Please make sure you've downloaded the pretraining dataset or downstream task datasets according to GETTING_STARTED.md.
Server crashes/hangs after launching pretraining experiments.
In addition to GPU, our pretraining stage requires a lot of computation resources, including CPU and RAM. If this happens, it usually means the CPU/RAM is exhausted on your machine. You can decrease `--num-workers` (number of dataloaders using CPU) and `--num-copies` (number of datasets copies residing in RAM). With the lowest profile, try `--num-workers 1 --num-copies 1`.

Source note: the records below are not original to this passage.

lemma dQ_mem_homothet: "b \<in> homothet Q (dQ Q a b) a"
proof -
  define A where "A = {lam. lam \<ge> 0 \<and> b \<in> homothet Q lam a}"
  define m where "m = Inf A"
  have "A \<noteq> {}" using ex_homothet_mem[of b a] by (auto simp: A_def)
  have bdd: "bdd_below A" by (auto simp: A_def bdd_below_def)
  have "\<exists>l. l \<in> A \<and> l < m + 1 / real (Suc n)" for n
    using cInf_less_iff[OF \<open>A \<noteq> {}\<close> bdd, of "m + 1 / real (Suc n)"] unfolding m_def by auto
  then obtain L where L: "\<And>n. L n \<in> A" "\<And>n. L n < m + 1 / real (Suc n)" by metis
  have m_le: "\<And>n. m \<le> L n" using L(1) bdd unfolding m_def by (intro cInf_lower) auto
  have "\<forall>n. \<exists>q. q \<in> Q \<and> b = a + L n *\<^sub>R q" using L(1) by (auto simp: A_def mem_homothet_iff)
  then obtain q where q: "\<And>n. q n \<in> Q" "\<And>n. b = a + L n *\<^sub>R q n" by metis
  obtain q0 r where q0: "q0 \<in> Q" "strict_mono r" "(q \<circ> r) \<longlonglongrightarrow> q0"
    using compact q(1) unfolding compact_def by metis
  have "L \<longlonglongrightarrow> m"
  proof (rule real_tendsto_sandwich[of "\<lambda>n. m" _ _ "\<lambda>n. m + 1 / real (Suc n)"])
    have "(\<lambda>n. m + inverse (real (Suc n))) \<longlonglongrightarrow> m + 0"
      by (intro tendsto_intros LIMSEQ_inverse_real_of_nat)
    then show "(\<lambda>n. m + 1 / real (Suc n)) \<longlonglongrightarrow> m" by (simp add: inverse_eq_divide)
    show "\<forall>\<^sub>F n in sequentially. m \<le> L n" using m_le by simp
    show "\<forall>\<^sub>F n in sequentially. L n \<le> m + 1 / real (Suc n)"
      using L(2) by (intro always_eventually allI less_imp_le) auto
  qed simp
  then have "(\<lambda>n. a + L (r n) *\<^sub>R (q \<circ> r) n) \<longlonglongrightarrow> a + m *\<^sub>R q0"
    using LIMSEQ_subseq_LIMSEQ q0 by (intro tendsto_intros) (auto simp: o_def)
  moreover have "(\<lambda>n. a + L (r n) *\<^sub>R (q \<circ> r) n) = (\<lambda>n. b)" using q(2) by (auto simp: o_def)
  ultimately have "b = a + m *\<^sub>R q0" using LIMSEQ_const_iff by metis
  then show ?thesis using q0(1) unfolding dQ_def m_def A_def by (auto simp: mem_homothet_iff)
qed

lemma mem_homothet_iff_dQ_le: "0 \<le> l \<Longrightarrow> b \<in> homothet Q l a \<longleftrightarrow> dQ Q a b \<le> l"
  using mem_homothet_mono[OF dQ_mem_homothet dQ_nonneg]
  unfolding dQ_def by (auto intro: cInf_lower simp: bdd_below_def)

definition gauge :: "pt \<Rightarrow> real" where
  "gauge v = dQ Q 0 v"

lemma gauge_nonneg: "gauge v \<ge> 0"
  by (simp add: gauge_def dQ_nonneg)

lemma mem_homothet_0_iff: "v \<in> homothet Q l 0 \<longleftrightarrow> (\<exists>q\<in>Q. v = l *\<^sub>R q)"
  by (simp add: mem_homothet_iff)

lemma mem_homothet_0_iff_gauge_le: "0 \<le> l \<Longrightarrow> v \<in> homothet Q l 0 \<longleftrightarrow> gauge v \<le> l"
  by (simp add: mem_homothet_iff_dQ_le gauge_def)

lemma gauge_mem_homothet: "\<exists>q\<in>Q. v = gauge v *\<^sub>R q"
  using mem_homothet_0_iff_gauge_le[OF gauge_nonneg, of v v] by (simp add: mem_homothet_0_iff)

lemma dQ_eq_gauge: "dQ Q a b = gauge (b - a)"
proof -
  have hom: "b \<in> homothet Q l a \<longleftrightarrow> b - a \<in> homothet Q l 0" for l
    by (auto simp: mem_homothet_iff algebra_simps)
  have "dQ Q a b \<le> l \<longleftrightarrow> gauge (b - a) \<le> l" if "0 \<le> l" for l
    using hom mem_homothet_iff_dQ_le[OF that] mem_homothet_0_iff_gauge_le[OF that] by metis
  then show ?thesis using dQ_nonneg[of a b] gauge_nonneg[of "b - a"]
    by (meson antisym order_refl)
qed

lemma gauge_eq_0_iff [simp]: "gauge v = 0 \<longleftrightarrow> v = 0"
proof
  assume "gauge v = 0"
  then show "v = 0" using gauge_mem_homothet[of v] by auto
next
  assume "v = 0"
  then have "v \<in> homothet Q 0 0" using zero_mem by (auto simp: mem_homothet_0_iff)
  then show "gauge v = 0" using mem_homothet_0_iff_gauge_le[of 0 v] gauge_nonneg[of v] by simp
qed

lemma gauge_zero [simp]: "gauge 0 = 0"
  by simp

lemma gauge_scaleR: assumes "t \<ge> 0" shows "gauge (t *\<^sub>R v) = t * gauge v"
proof (cases "t = 0")
  case False
  then have "t > 0" using assms by simp
  obtain q where q: "q \<in> Q" "v = gauge v *\<^sub>R q" using gauge_mem_homothet[of v] by blast
  have "t *\<^sub>R v = (t * gauge v) *\<^sub>R q" using q(2) by (metis scaleR_scaleR)
  then have le: "gauge (t *\<^sub>R v) \<le> t * gauge v"
    using q(1) \<open>t > 0\<close> gauge_nonneg mem_homothet_0_iff_gauge_le[of "t * gauge v"]
    by (auto simp: mem_homothet_0_iff)
  obtain q' where q': "q' \<in> Q" "t *\<^sub>R v = gauge (t *\<^sub>R v) *\<^sub>R q'"
    using gauge_mem_homothet[of "t *\<^sub>R v"] by blast
  have "v = (1/t) *\<^sub>R (t *\<^sub>R v)" using \<open>t > 0\<close> by simp
  also have "\<dots> = (gauge (t *\<^sub>R v) / t) *\<^sub>R q'" by (subst q'(2)) simp
  finally have "gauge v \<le> gauge (t *\<^sub>R v) / t"
    using q'(1) \<open>t > 0\<close> gauge_nonneg mem_homothet_0_iff_gauge_le[of "gauge (t *\<^sub>R v) / t"]
    by (auto simp: mem_homothet_0_iff)
  then have "t * gauge v \<le> gauge (t *\<^sub>R v)" using \<open>t > 0\<close> by (simp add: field_simps)
  with le show ?thesis by simp
qed simp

If this still fails, please upgrade your machine :). In the meanwhile, you can still download our pretrained model and evaluate it on downstream tasks.
Citing GCC
If you use GCC in your research or wish to refer to the baseline results, please use the following BibTeX.
@article{qiu2020gcc,
title={GCC: Graph Contrastive Coding for Graph Neural Network Pre-Training},
author={Qiu, Jiezhong and Chen, Qibin and Dong, Yuxiao and Zhang, Jing and Yang, Hongxia and Ding, Ming and Wang, Kuansan and Tang, Jie},
journal={arXiv preprint arXiv:2006.09963},
year={2020}
}
Acknowledgements
Part of this code is inspired by Yonglong Tian et al.'s CMC: Contrastive Multiview Coding.